------ Supplied data

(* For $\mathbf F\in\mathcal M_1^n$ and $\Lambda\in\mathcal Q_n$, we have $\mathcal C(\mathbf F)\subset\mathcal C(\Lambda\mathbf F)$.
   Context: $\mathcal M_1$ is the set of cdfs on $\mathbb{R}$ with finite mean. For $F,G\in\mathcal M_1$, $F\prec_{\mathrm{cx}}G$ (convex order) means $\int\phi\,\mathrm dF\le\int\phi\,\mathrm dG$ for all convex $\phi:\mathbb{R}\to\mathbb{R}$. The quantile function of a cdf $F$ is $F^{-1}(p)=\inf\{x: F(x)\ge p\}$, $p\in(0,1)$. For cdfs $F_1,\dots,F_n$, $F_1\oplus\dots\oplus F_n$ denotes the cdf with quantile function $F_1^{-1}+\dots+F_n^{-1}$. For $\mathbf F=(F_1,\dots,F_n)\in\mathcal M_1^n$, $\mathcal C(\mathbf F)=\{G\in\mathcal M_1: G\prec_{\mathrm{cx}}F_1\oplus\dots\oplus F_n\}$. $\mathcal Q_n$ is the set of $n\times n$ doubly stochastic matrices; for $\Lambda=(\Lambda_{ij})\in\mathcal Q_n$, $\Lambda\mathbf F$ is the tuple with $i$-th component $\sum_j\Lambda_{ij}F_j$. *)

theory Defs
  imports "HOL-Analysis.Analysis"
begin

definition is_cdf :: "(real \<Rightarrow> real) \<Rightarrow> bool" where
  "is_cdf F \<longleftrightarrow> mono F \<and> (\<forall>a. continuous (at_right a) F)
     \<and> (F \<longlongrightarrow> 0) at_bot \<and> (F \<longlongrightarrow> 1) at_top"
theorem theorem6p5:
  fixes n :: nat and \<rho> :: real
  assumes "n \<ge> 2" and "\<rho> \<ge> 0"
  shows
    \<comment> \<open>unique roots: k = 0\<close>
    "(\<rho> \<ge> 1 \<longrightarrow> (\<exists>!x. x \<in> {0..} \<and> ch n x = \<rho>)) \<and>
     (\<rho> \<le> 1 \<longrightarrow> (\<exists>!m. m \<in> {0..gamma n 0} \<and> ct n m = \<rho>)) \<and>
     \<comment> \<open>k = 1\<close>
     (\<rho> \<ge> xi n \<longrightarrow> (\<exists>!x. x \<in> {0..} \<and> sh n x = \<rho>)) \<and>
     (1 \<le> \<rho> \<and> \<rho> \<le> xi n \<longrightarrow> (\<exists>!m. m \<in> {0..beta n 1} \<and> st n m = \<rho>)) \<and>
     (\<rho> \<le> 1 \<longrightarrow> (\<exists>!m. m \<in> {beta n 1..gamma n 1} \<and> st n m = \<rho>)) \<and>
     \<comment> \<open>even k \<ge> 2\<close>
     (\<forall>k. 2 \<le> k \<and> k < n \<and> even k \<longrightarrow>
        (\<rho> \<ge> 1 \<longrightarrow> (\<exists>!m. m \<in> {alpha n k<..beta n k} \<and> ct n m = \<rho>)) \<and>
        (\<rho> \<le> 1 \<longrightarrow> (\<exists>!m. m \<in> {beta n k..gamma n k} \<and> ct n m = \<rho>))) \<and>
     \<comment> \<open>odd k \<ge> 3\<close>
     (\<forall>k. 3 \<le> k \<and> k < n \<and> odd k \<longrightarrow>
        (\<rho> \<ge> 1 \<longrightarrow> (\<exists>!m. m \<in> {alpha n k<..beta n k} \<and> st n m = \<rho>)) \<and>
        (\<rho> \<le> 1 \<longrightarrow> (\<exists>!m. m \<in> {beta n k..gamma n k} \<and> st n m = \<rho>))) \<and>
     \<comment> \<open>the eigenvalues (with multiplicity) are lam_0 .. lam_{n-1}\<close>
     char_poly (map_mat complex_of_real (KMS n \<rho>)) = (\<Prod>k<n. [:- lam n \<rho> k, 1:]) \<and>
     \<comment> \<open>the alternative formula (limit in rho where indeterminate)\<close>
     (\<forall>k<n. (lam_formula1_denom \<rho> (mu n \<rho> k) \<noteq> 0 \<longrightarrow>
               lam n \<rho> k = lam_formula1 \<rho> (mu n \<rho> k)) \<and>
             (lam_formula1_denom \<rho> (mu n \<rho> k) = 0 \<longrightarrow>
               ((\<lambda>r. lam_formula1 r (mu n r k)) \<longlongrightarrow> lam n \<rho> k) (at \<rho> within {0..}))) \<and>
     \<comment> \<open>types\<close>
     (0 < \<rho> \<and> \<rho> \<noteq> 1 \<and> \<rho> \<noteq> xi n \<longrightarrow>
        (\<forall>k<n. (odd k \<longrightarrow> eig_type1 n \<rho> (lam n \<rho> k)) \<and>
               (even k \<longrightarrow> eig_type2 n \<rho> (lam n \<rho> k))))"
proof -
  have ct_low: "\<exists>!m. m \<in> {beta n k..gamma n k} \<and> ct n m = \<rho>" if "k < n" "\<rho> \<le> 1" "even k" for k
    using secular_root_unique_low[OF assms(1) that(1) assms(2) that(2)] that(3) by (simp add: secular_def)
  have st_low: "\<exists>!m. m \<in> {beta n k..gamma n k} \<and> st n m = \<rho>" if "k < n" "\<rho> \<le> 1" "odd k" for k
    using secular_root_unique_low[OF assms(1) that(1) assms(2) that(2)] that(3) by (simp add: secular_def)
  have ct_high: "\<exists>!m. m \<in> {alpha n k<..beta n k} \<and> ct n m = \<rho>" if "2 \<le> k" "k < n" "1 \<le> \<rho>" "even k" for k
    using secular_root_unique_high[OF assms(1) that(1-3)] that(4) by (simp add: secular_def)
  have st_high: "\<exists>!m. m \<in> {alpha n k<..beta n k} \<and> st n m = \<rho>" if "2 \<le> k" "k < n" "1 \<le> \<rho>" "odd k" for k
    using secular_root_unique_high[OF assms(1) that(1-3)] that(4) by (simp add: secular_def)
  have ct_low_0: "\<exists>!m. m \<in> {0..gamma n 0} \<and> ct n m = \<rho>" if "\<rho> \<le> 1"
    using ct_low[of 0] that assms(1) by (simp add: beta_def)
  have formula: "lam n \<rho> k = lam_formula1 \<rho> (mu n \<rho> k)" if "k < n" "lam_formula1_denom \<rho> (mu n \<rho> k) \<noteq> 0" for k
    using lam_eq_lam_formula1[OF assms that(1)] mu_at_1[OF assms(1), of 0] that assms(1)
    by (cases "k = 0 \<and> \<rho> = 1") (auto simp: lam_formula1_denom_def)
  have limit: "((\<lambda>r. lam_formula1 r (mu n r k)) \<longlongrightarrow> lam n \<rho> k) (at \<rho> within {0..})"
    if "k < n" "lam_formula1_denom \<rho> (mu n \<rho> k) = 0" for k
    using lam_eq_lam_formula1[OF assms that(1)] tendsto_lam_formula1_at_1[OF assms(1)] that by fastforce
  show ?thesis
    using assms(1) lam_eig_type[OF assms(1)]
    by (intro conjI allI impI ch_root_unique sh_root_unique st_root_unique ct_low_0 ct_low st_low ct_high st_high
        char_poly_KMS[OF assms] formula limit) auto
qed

------------
------ Supplied data

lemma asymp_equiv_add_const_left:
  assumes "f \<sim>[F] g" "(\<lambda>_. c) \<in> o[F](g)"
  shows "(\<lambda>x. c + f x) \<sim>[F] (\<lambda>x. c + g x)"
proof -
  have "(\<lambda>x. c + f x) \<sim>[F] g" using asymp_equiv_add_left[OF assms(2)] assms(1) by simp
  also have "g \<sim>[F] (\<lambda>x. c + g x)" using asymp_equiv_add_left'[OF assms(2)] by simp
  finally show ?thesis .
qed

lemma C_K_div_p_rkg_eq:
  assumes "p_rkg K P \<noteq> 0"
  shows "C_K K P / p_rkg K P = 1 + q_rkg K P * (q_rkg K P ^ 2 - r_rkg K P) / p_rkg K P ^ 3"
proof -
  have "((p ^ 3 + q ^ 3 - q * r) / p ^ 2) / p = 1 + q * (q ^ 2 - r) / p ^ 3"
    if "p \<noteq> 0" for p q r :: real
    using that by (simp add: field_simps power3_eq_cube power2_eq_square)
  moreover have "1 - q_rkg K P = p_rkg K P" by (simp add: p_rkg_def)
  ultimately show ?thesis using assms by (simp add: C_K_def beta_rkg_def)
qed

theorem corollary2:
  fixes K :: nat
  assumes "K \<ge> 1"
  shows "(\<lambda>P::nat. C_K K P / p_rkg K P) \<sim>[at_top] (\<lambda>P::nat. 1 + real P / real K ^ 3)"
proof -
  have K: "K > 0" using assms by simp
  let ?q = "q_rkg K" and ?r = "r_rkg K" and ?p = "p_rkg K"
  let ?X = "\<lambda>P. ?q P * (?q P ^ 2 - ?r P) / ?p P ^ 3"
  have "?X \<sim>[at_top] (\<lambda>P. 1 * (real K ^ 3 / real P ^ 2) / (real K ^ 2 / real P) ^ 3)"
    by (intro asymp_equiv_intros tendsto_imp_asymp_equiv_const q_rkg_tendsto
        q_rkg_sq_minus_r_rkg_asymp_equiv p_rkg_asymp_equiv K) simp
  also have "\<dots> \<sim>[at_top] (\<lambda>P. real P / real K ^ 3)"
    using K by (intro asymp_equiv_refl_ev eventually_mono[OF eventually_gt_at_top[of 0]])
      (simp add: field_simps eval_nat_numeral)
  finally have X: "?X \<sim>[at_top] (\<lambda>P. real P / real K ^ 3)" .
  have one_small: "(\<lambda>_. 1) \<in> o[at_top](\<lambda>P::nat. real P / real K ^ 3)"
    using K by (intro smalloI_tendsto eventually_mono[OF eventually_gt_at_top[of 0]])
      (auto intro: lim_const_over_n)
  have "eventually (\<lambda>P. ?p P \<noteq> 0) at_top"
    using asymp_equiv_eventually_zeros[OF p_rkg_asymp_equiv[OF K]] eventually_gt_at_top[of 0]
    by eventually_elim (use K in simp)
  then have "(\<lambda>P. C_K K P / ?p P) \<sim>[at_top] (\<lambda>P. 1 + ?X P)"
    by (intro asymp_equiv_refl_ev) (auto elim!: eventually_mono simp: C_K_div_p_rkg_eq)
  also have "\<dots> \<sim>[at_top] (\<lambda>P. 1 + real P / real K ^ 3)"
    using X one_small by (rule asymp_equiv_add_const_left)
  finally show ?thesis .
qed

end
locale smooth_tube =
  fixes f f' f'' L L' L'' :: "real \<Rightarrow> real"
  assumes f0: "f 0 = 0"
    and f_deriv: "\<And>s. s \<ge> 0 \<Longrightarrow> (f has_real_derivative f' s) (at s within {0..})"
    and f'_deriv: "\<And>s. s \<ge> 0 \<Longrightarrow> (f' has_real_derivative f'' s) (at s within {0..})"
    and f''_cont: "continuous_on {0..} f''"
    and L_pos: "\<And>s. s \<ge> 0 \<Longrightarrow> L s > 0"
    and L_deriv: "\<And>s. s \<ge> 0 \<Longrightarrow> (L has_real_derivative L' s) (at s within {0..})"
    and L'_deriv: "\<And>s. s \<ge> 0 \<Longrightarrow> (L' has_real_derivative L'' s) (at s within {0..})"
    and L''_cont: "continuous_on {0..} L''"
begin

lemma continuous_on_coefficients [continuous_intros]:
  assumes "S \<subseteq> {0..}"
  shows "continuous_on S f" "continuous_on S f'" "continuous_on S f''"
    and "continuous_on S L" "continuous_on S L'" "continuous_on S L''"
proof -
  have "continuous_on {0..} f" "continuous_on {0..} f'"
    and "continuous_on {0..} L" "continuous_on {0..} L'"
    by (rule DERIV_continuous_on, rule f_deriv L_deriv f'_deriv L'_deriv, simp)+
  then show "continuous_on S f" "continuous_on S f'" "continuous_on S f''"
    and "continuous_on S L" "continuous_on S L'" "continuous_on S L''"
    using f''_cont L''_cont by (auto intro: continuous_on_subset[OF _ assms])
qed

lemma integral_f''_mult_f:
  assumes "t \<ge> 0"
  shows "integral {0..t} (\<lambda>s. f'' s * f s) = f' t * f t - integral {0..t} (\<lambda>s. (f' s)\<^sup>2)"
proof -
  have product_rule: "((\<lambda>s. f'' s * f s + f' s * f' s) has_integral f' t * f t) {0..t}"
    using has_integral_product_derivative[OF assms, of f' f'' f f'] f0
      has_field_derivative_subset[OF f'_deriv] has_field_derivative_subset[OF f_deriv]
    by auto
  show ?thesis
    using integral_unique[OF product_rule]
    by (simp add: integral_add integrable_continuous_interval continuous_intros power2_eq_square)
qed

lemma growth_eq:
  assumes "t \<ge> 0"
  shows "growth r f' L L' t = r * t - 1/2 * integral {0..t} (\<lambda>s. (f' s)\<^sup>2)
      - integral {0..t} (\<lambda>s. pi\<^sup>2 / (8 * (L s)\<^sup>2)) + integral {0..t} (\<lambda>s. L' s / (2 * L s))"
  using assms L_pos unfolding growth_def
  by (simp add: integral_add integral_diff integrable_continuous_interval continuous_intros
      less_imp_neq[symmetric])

------------
------ Supplied data

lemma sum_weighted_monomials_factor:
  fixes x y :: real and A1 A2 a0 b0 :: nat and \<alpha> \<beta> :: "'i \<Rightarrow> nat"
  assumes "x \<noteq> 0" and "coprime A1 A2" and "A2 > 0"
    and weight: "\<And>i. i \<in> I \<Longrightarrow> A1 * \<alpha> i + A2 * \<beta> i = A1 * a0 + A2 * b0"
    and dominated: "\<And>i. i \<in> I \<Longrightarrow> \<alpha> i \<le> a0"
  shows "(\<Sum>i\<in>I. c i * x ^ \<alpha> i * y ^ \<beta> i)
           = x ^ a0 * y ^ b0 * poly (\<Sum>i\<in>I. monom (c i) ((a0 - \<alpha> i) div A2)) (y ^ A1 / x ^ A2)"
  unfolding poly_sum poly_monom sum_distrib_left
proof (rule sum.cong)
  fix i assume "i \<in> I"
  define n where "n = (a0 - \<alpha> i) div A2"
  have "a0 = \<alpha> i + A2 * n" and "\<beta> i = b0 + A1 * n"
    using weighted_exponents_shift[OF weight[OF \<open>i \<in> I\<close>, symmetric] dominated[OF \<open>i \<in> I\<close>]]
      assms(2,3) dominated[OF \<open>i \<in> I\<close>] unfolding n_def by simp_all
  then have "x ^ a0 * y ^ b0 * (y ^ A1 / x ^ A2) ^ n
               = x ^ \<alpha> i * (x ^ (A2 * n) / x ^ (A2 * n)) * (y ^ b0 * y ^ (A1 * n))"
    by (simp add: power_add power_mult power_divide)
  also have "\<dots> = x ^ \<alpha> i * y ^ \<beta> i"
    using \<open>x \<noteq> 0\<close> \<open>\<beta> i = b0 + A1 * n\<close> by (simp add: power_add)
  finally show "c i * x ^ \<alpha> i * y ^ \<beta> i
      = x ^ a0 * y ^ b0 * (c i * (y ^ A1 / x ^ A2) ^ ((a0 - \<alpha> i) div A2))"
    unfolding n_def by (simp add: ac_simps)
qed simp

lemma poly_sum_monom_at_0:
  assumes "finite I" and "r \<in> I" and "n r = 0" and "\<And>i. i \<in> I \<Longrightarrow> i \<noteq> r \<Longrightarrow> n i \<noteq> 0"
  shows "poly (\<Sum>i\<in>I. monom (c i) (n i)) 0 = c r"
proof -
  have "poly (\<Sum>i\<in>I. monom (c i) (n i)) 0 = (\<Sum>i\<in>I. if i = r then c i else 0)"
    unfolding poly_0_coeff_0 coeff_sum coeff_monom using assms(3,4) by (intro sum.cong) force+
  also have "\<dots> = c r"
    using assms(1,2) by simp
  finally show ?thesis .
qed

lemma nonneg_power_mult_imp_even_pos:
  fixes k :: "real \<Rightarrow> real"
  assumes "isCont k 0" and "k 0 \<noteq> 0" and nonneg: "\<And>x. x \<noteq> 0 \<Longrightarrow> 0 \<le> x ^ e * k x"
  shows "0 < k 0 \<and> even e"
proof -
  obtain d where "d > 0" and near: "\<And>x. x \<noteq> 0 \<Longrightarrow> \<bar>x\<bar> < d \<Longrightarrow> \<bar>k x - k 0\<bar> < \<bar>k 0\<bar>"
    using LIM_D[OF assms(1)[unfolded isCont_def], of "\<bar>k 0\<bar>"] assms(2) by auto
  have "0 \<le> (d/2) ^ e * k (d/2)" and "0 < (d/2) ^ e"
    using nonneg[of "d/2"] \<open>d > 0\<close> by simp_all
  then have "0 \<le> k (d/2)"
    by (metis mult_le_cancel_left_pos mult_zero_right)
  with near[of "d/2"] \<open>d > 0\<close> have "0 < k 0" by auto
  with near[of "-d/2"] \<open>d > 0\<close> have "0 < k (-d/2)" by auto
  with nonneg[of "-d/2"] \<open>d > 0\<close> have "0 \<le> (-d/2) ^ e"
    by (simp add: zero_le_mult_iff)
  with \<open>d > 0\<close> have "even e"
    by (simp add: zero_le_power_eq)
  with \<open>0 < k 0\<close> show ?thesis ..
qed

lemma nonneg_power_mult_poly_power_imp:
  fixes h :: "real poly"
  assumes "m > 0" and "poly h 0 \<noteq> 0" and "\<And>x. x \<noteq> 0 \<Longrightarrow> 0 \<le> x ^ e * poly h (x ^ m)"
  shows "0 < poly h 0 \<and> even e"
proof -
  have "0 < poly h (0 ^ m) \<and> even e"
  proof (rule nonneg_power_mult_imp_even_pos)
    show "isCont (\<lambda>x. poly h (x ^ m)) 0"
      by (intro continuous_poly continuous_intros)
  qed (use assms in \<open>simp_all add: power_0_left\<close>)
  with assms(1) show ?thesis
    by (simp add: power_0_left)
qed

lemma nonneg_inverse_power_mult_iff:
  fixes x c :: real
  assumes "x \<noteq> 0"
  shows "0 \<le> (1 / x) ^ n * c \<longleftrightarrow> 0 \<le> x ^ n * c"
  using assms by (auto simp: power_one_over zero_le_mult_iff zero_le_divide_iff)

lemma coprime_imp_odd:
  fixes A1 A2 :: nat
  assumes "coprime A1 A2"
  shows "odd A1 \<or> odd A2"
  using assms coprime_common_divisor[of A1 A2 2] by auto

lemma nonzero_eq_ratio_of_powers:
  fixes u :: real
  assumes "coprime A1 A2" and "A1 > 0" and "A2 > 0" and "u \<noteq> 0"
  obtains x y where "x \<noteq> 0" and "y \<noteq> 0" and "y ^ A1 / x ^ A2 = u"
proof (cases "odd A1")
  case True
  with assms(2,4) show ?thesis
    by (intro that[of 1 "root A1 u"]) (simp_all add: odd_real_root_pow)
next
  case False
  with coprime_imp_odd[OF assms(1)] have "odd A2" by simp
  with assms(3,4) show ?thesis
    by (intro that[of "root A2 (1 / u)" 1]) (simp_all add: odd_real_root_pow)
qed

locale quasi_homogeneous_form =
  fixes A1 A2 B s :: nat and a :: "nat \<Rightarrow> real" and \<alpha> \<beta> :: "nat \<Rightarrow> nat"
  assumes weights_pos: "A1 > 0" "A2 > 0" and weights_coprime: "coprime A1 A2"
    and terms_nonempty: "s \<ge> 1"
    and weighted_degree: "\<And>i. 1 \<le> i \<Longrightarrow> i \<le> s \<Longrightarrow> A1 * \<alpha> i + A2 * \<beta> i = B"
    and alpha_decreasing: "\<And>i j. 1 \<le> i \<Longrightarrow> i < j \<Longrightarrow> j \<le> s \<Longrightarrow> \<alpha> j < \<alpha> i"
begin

------------

Activity:
Copy verbatim, from the listing above, each line from the one containing "using has_integral_product_derivative[OF assms, of" down to the one containing "1/2 * integral", inclusive.

Worked solution:
    using has_integral_product_derivative[OF assms, of f' f'' f f'] f0
      has_field_derivative_subset[OF f'_deriv] has_field_derivative_subset[OF f_deriv]
    by auto
  show ?thesis
    using integral_unique[OF product_rule]
    by (simp add: integral_add integrable_continuous_interval continuous_intros power2_eq_square)
qed

lemma growth_eq:
  assumes "t \<ge> 0"
  shows "growth r f' L L' t = r * t - 1/2 * integral {0..t} (\<lambda>s. (f' s)\<^sup>2)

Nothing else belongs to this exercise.